Ukraine awards medal to soldier who told Russian officer to fuck himself | Ukraine

A Ukrainian soldier who told an officer on a Russian warship to fuck himself early in the invasion has been released as part of a prisoner swap and awarded a medal for his services, Ukraine’s Defense Ministry said on Tuesday.

Roman Hrybov, a Ukrainian border guard, was serving on Snake Island – a rocky outcrop south of the port of Odessa – when it came under Russian air and sea bombardment on the first day of Russia’s invasion of Ukraine.

When the detachment was ordered to lay down their arms, Hrybov radioed back with a defiant, “Russian warship, go fuck yourself.”

According to initial reports, 13 border guards have died on the island after refusing to surrender. But just days later, Ukraine’s state border guard said the soldiers were still alive and had been captured by Russia.

Adding to the confusion, Ukraine’s parliament later said that 19 soldiers (not 13 as originally reported) had been released as part of the first major prisoner swap with Russia. In an interview with Russian journalists on Sunday, Zekensky said that “some of the soldiers died, some were captured.”

“All prisoners were exchanged. Russia made this proposal. We exchanged them without hesitation… Those who died are heroes,” Zelenskyy said.

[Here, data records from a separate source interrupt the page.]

lemma cong_offsets_add:
  fixes f g h :: "'a \<Rightarrow> int" and m a b c :: int
  assumes "finite A" "coprime m (int (card A))"
    and "\<And>x. x \<in> A \<Longrightarrow> [h x = f x + g x] (mod m)"
    and "m dvd (\<Sum>x\<in>A. (f x - a) mod m)" "m dvd (\<Sum>x\<in>A. (g x - b) mod m)"
    and "m dvd (\<Sum>x\<in>A. (h x - c) mod m)"
  shows "[c = a + b] (mod m)"
proof -
  have "[(\<Sum>x\<in>A. (h x - c) mod m)
      = (\<Sum>x\<in>A. (f x - a) mod m + (g x - b) mod m + (a + b - c))] (mod m)"
  proof (rule cong_sum)
    fix x assume "x \<in> A"
    have "[(h x - c) mod m = h x - c] (mod m)" by (simp add: cong_def)
    also have "[h x - c = f x + g x - c] (mod m)"
      using assms(3)[OF \<open>x \<in> A\<close>] by (intro cong_diff cong_refl)
    also have "f x + g x - c = (f x - a) + (g x - b) + (a + b - c)" by simp
    also have "[\<dots> = (f x - a) mod m + (g x - b) mod m + (a + b - c)] (mod m)"
      by (intro cong_add cong_refl) (simp_all add: cong_def)
    finally show "[(h x - c) mod m = (f x - a) mod m + (g x - b) mod m + (a + b - c)] (mod m)" .
  qed
  then have "m dvd (\<Sum>x\<in>A. (f x - a) mod m) + (\<Sum>x\<in>A. (g x - b) mod m)
      + int (card A) * (a + b - c)"
    using assms(6) by (simp add: sum.distrib cong_dvd_iff)
  then have "m dvd int (card A) * (a + b - c)"
    using assms(4,5) by (simp add: dvd_add_right_iff)
  then have "m dvd a + b - c"
    using assms(2) by (simp add: coprime_dvd_mult_right_iff)
  then show ?thesis by (simp add: cong_iff_dvd_diff dvd_diff_commute)
qed

lemma cong_Ldiff_on_Int_Ldiff_level:
  assumes "x \<in> Ldiff_level p q M i j r1 \<inter> Ldiff_level p q M j k r2"
  shows "[Ldiff (p * q) M i k x = r1 + r2] (mod int q)"
proof -
  have "[Ldiff (p * q) M i j x + Ldiff (p * q) M j k x = r1 + r2] (mod int q)"
    using assms unfolding Ldiff_level_def by (auto intro: cong_add)
  with cong_Ldiff_Ldiff[of q "p * q" M i k x j] show ?thesis
    by (auto intro: cong_trans)
qed

lemma card_Int_Ldiff_level_ge:
  assumes "is_PQR_partition p q M i j P1 Q1 R1 r1" "is_PQR_partition p q M j k P2 Q2 R2 r2"
    and "prime p" "prime q" "p \<noteq> q"
  shows "p + 2 \<le> card (Ldiff_level p q M i j r1 \<inter> Ldiff_level p q M j k r2) + q"
proof -
  let ?X = "Ldiff_level p q M i j r1" and ?Y = "Ldiff_level p q M j k r2"
  have sub: "?X \<union> ?Y \<subseteq> {..<p + q}" using Ldiff_level_subset by blast
  then have "finite ?X" "finite ?Y" by (auto intro: finite_subset[OF _ finite_lessThan])
  with sub have "card ?X + card ?Y \<le> p + q + card (?X \<inter> ?Y)"
    using card_Un_Int[of ?X ?Y] card_mono[of "{..<p + q}" "?X \<union> ?Y"] by simp
  then show ?thesis
    using card_Ldiff_level[OF assms(1,3-5)] card_Ldiff_level[OF assms(2,3-5)] by simp
qed

lemma Int_Ldiff_level_subset_if_card:
  assumes "is_PQR_partition p q M i k P Q R r3" and "prime p" "prime q" "p \<noteq> q"
    and "2 \<le> card (Ldiff_level p q M i j r1 \<inter> Ldiff_level p q M j k r2)"
  shows "Ldiff_level p q M i j r1 \<inter> Ldiff_level p q M j k r2 \<subseteq> Ldiff_level p q M i k r3"
proof
  fix x assume x: "x \<in> Ldiff_level p q M i j r1 \<inter> Ldiff_level p q M j k r2"
  with assms(5) obtain y where y: "y \<in> Ldiff_level p q M i j r1 \<inter> Ldiff_level p q M j k r2" "y \<noteq> x"
    by (rule obtain_other_elem)
  have "[Ldiff (p * q) M i k x = Ldiff (p * q) M i k y] (mod int q)"
    using cong_Ldiff_on_Int_Ldiff_level[OF x] cong_Ldiff_on_Int_Ldiff_level[OF y(1)]
    by (auto intro: cong_trans cong_sym)
  moreover have "x < p + q" "y < p + q"
    using x y(1) Ldiff_level_subset by blast+
  ultimately show "x \<in> Ldiff_level p q M i k r3"
    using y(2) by (intro mem_Ldiff_level_if_cong[OF assms(1-4)]) auto
qed

lemma Int_Ldiff_level_subset_if_odd:
  assumes "is_PQR_partition p q M i j P1 Q1 R1 r1" "is_PQR_partition p q M j k P2 Q2 R2 r2"
    and "is_PQR_partition p q M i k P3 Q3 R3 r3"
    and "prime p" "prime q" "p \<noteq> q" "odd q"
  shows "Ldiff_level p q M i j r1 \<inter> Ldiff_level p q M j k r2 \<subseteq> Ldiff_level p q M i k r3"
proof -
  have "coprime q (p + q)"
    using primes_coprime[OF assms(5,4)] assms(6) by (metis coprime_iff_gcd_eq_1 gcd_add2 add.commute)
  then have coprime: "coprime (int q) (int (card {..<p + q}))"
    by (simp only: card_lessThan coprime_int_iff)
  have add: "[Ldiff (p * q) M i k x = Ldiff (p * q) M i j x + Ldiff (p * q) M j k x] (mod int q)"
    if "x \<in> {..<p + q}" for x
    by (rule cong_Ldiff_Ldiff) simp
  have r3: "[r3 = r1 + r2] (mod int q)"
    by (rule cong_offsets_add[OF finite_lessThan coprime add dvd_sum_Ldiff_offset[OF assms(1,4-7)]
          dvd_sum_Ldiff_offset[OF assms(2,4-7)] dvd_sum_Ldiff_offset[OF assms(3,4-7)]])
  show ?thesis
  proof
    fix x assume x: "x \<in> Ldiff_level p q M i j r1 \<inter> Ldiff_level p q M j k r2"
    then have "x < p + q" using Ldiff_level_subset by blast
    moreover have "[Ldiff (p * q) M i k x = r3] (mod int q)"
      using cong_Ldiff_on_Int_Ldiff_level[OF x] r3 by (metis cong_sym cong_trans)
    ultimately show "x \<in> Ldiff_level p q M i k r3" by (simp add: Ldiff_level_def)
  qed
qed

theorem corollary6p5:
  fixes p q :: nat and M :: "nat \<Rightarrow> nat \<Rightarrow> int" and i j k :: nat
  assumes "prime p" and "prime q" and "p \<noteq> q"
    and "complex_hadamard_mod (p + q) (p * q) M"
    and "\<forall>a<p + q. \<forall>b<p + q. a \<noteq> b \<longrightarrow> (\<exists>P Q R r. is_PQR_partition p q M a b P Q R r)"
    and "p \<ge> 5"
    and "i < p + q" and "j < p + q" and "k < p + q"
    and "i \<noteq> j" and "j \<noteq> k" and "i \<noteq> k"
  shows "Pplus p q M i j \<inter> Pplus p q M j k \<subseteq> Pplus p q M i k"
proof -
  obtain P1 Q1 R1 r1 where ij: "is_PQR_partition p q M i j P1 Q1 R1 r1" using assms by blast
  obtain P2 Q2 R2 r2 where jk: "is_PQR_partition p q M j k P2 Q2 R2 r2" using assms by blast
  obtain P3 Q3 R3 r3 where ik: "is_PQR_partition p q M i k P3 Q3 R3 r3" using assms by blast
  let ?X = "Ldiff_level p q M i j r1" and ?Y = "Ldiff_level p q M j k r2"
  have "Pplus p q M i j \<inter> Pplus p q M j k = ?X \<inter> ?Y" "Pplus p q M i k = Ldiff_level p q M i k r3"
    using Pplus_eq_Ldiff_level[OF _ assms(1-3)] ij jk ik by simp_all
  moreover have "?X \<inter> ?Y \<subseteq> Ldiff_level p q M i k r3"
  proof (cases "q = 2")
    case True
    then have "2 \<le> card (?X \<inter> ?Y)"
      using card_Int_Ldiff_level_ge[OF ij jk assms(1-3)] prime_ge_2_nat[OF assms(1)] by simp
    then show ?thesis by (rule Int_Ldiff_level_subset_if_card[OF ik assms(1-3)])
  next
    case False
    then have "q > 2" using prime_ge_2_nat[OF assms(2)] by simp
    then have "odd q" by (rule prime_odd_nat[OF assms(2)])
    then show ?thesis by (rule Int_Ldiff_level_subset_if_odd[OF ij jk ik assms(1-3)])
  qed
  ultimately show ?thesis by simp
qed

end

The Defense Ministry of Ukraine said on Tuesday that Hrybov is now at home in the city of Cherkasy and tweeted a video of Hrybov receiving a medal for his actions from local authorities.

Footage of the radio exchange on Snake Island, in which Hrybov was involved, received widespread internet coverage and quickly spread across various social media channels. The phrase became a rallying cry for the defenders of Ukraine and was honored on a postage stamp of Ukraine.

The use of the phrase by Ukrainian society has been praised as one of the examples of how the country attempted to undermine the legitimacy of the Russian invasion through non-military means.

However, the Snake Island incident has also been cited as a case study of how uncorroborated information could spread during the war.